During those initial hours, we could not have imagined that we and all of the other news reporters arriving from Spokane, Seattle, Boston, New York, Canada, and elsewhere would remain for nine days and nights amid such suspense and, at times, frightening drama.

It quickly became apparent that much of the world's attention was suddenly focused on this small corner of North Idaho. Many of the hours spent at the now famous roadblock were very tense and, as the days wore on, draining. 

Our crews had to overcome significant technological challenges to bring the story live to viewers.  It took us several days to locate a mountain vantage point for a potential view of the Weaver cabin. We rented a special extreme telephoto lense once a decent site was located and pooled our video with other stations, leading to the only video of the cabin during the standoff.
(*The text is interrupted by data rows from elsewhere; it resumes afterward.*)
lemma bilinear_at_columns:
  assumes expand2: "\<And>u v. T w u v = (\<Sum>k<n. u k * T w (std_basis k) v)"
    and expand3: "\<And>u v. T w u v = (\<Sum>l<n. v l * T w u (std_basis l))"
    and a: "a < n" and b: "b < n"
  shows "T w (mat_apply n U (std_basis a)) (mat_apply n U (std_basis b))
       = (\<Sum>k<n. U k a * (\<Sum>l<n. U l b * T w (std_basis k) (std_basis l)))"
proof -
  let ?Ua = "mat_apply n U (std_basis a)" and ?Ub = "mat_apply n U (std_basis b)"
  have "T w ?Ua ?Ub = (\<Sum>k<n. ?Ua k * T w (std_basis k) ?Ub)"
    by (rule expand2)
  also have "\<dots> = (\<Sum>k<n. ?Ua k * (\<Sum>l<n. ?Ub l * T w (std_basis k) (std_basis l)))"
    by (intro sum.cong refl arg_cong2[where f = "(*)"] expand3)
  finally show ?thesis using a b by (simp add: mat_apply_std_basis)
qed

lemma trace_form_orthogonal_congruent:
  assumes U: "orthogonal_mat n U"
    and expand2: "\<And>w u v. T w u v = (\<Sum>k<n. u k * T w (std_basis k) v)"
    and expand3: "\<And>w u v. T w u v = (\<Sum>l<n. v l * T w u (std_basis l))"
    and congr: "\<And>x u v. (\<forall>i\<ge>n. x i = 0) \<Longrightarrow> (\<forall>i\<ge>n. u i = 0) \<Longrightarrow> (\<forall>i\<ge>n. v i = 0) \<Longrightarrow>
        S x u v = c * T (mat_apply n U x) (mat_apply n U u) (mat_apply n U v)"
    and supp: "\<forall>i\<ge>n. x i = 0" "\<forall>i\<ge>n. x' i = 0"
  shows "trace_form n S x x' = c^2 * trace_form n T (mat_apply n U x) (mat_apply n U x')"
proof -
  note orth = orthogonal_mat_rows[OF U]
  define H where "H y k b = (\<Sum>l<n. U l b * T (mat_apply n U y) (std_basis k) (std_basis l))"
    for y k b
  have S_basis: "S y (std_basis a) (std_basis b) = c * (\<Sum>k<n. U k a * H y k b)"
    if "\<forall>i\<ge>n. y i = 0" "a < n" "b < n" for y a b
    using congr[OF that(1) std_basis_supported[OF that(2)] std_basis_supported[OF that(3)]]
      bilinear_at_columns[where T = T and w = "mat_apply n U y",
        OF expand2[of "mat_apply n U y"] expand3[of "mat_apply n U y"] that(2,3)]
    unfolding H_def by simp
  have "trace_form n S x x'
      = (\<Sum>a<n. \<Sum>b<n. c^2 * ((\<Sum>k<n. U k a * H x k b) * (\<Sum>k<n. U k a * H x' k b)))"
    unfolding trace_form_def
    by (intro sum.cong refl) (simp add: S_basis supp power2_eq_square mult_ac)
  also have "\<dots> = c^2 * (\<Sum>b<n. \<Sum>a<n. (\<Sum>k<n. U k a * H x k b) * (\<Sum>k<n. U k a * H x' k b))"
    by (subst sum.swap) (simp add: sum_distrib_left)
  also have "\<dots> = c^2 * (\<Sum>b<n. \<Sum>k<n. H x k b * H x' k b)"
    by (simp only: orthonormal_rows_transpose_inner[OF orth])
  also have "\<dots> = c^2 * (\<Sum>k<n. \<Sum>l<n. T (mat_apply n U x) (std_basis k) (std_basis l)
                                         * T (mat_apply n U x') (std_basis k) (std_basis l))"
    by (subst sum.swap) (simp only: H_def orthonormal_rows_transpose_inner[OF orth])
  finally show ?thesis unfolding trace_form_def .
qed

lemma diagonal_congruent_eigenvalue:
  assumes U: "orthogonal_mat n U"
    and congr: "\<And>x x'. (\<forall>i\<ge>n. x i = 0) \<Longrightarrow> (\<forall>i\<ge>n. x' i = 0) \<Longrightarrow>
        (\<Sum>k<n. d k * x k * x' k) = C * (\<Sum>k<n. e k * mat_apply n U x k * mat_apply n U x' k)"
    and j: "j < n"
  obtains k where "k < n" "C * e j = d k"
proof -
  define row where "row = (\<lambda>k. if k < n then U j k else 0)"
  have U_row: "mat_apply n U row = std_basis j"
    unfolding row_def by (rule mat_apply_row[OF U j])
  have eigen: "d k * U j k = C * e j * U j k" if k: "k < n" for k
  proof -
    have "d k * U j k = (\<Sum>l<n. d l * row l * std_basis k l)"
      using k by (simp add: sum_std_basis_right row_def)
    also have "\<dots> = C * (\<Sum>l<n. e l * mat_apply n U row l * mat_apply n U (std_basis k) l)"
      by (rule congr) (use k in \<open>simp_all add: row_def\<close>)
    also have "\<dots> = C * e j * U j k"
      using j k by (simp add: U_row mat_apply_std_basis sum_std_basis)
    finally show ?thesis .
  qed
  have "\<exists>k<n. U j k \<noteq> 0"
  proof (rule ccontr)
    assume "\<not> (\<exists>k<n. U j k \<noteq> 0)"
    then have "(\<Sum>k<n. U j k * U j k) = 0" by simp
    with orthogonal_mat_rows[OF U j j] show False by simp
  qed
  then obtain k where "k < n" "U j k \<noteq> 0" by blast
  with eigen[of k] show thesis by (intro that) auto
qed
(* For every fixed integer $k\ge 1$ there exists a constant $C_k$ such that the following holds: for every integer $d\ge k$ and every polynomial $P(x)=\sum_{n=0}^d a_nx^n$ with real coefficients and $\|P\|_{[-1,1]}\le 1$, the polynomial $P_{\ge k}(x)=\sum_{n=0}^{d-k}a_{n+k}x^n$ satisfies $$\|P_{\ge k}\|_{[-1,1]}\le C_k\, d^{k}\sqrt{d}.$$ (The paper states this as $\|P_{\ge k}\|_{[-1,1]}\le O\big(\tfrac{d^k}{k!}\sqrt{d/k}\big)$, in particular polynomial in $d$.)
   Context: For a function $f$ on $[-1,1]$, $\|f\|_{[-1,1]}:=\max_{x\in[-1,1]}|f(x)|$. The polynomial $P_{\ge k}$ is the "high-order constituent polynomial" of $P$, defined by the decomposition $P(x)=\sum_{n=0}^{k-1}a_nx^n+x^kP_{\ge k}(x)$. *)

theory Defs
  imports "HOL-Analysis.Analysis" "HOL-Computational_Algebra.Polynomial"
begin

definition sup_norm_11 :: "(real \<Rightarrow> real) \<Rightarrow> real" where
  "sup_norm_11 f = (SUP x\<in>{-1..1}. \<bar>f x\<bar>)"

definition high_part :: "nat \<Rightarrow> real poly \<Rightarrow> real poly" where
  "high_part k P = Abs_poly (\<lambda>n. coeff P (n + k))"

end

theory Submission
  imports Defs
begin

text \<open>Write P = \<Sum>_(m \<le> d) c_m T_m in the Chebyshev basis. At the d + 1 Chebyshev nodes the
  T_m are orthogonal, so evaluating there gives \<Sum> c_m^2 \<le> 2 and, by Cauchy-Schwarz,
  \<Sum> \<bar>c_m\<bar> \<le> 2\<surd>d. As high_part k is linear, it remains to bound high_part k T_m by
  C_k (m + 1)^k on [-1, 1]. For \<bar>x\<bar> \<ge> 1/2 this follows from
  T_m(x) = \<Sum>_(j < k) a_j x^j + x^k (high_part k T_m)(x) once the coefficients satisfy
  \<bar>a_j\<bar> = O(m^j). As a_j is the value of high_part j T_m at 0, this is the case x = 0 of the
  bound for \<bar>x\<bar> \<le> 1/2, which is proved by induction on k: u_m = (high_part (k + 1) T_m)(x)
  satisfies the Chebyshev recurrence perturbed by 2 a_k(T_(m+1)), and the square root of the
  quadratic form u_(m+1)^2 - 2x u_(m+1) u_m + u_m^2, which the unperturbed recurrence preserves,
  grows by at most the size of each perturbation.\<close>

lemma coeff_high_part [simp]: "coeff (high_part k P) n = coeff P (n + k)"
proof -
  have "coeff (Abs_poly (\<lambda>n. coeff P (n + k))) = (\<lambda>n. coeff P (n + k))"
    by (rule coeff_Abs_poly[where n = "degree P"]) (simp add: coeff_eq_0)
  then show ?thesis
    by (simp add: high_part_def)
qed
The angry dissent voiced by some of the protesters there has been repeated at various times elsewhere, but Ruby Ridge remains a historic moment in our nation's history. I remain very proud of the collective work of journalists at the scene, amid significant danger, to bring this story to the Inland Northwest, the nation, and the world.

John Allison was a reporter for KXLY 4 News in the 1990s and covered many major stories of that time period, from Ruby Ridge to Ice Storm, Fire Storm and the mass shootings at Fairchild Air Force Base. Allison launched a second career as an attorney and is co-founder of the law firm of Eymann, Allison, Hunter, Jones in Spokane, Wash.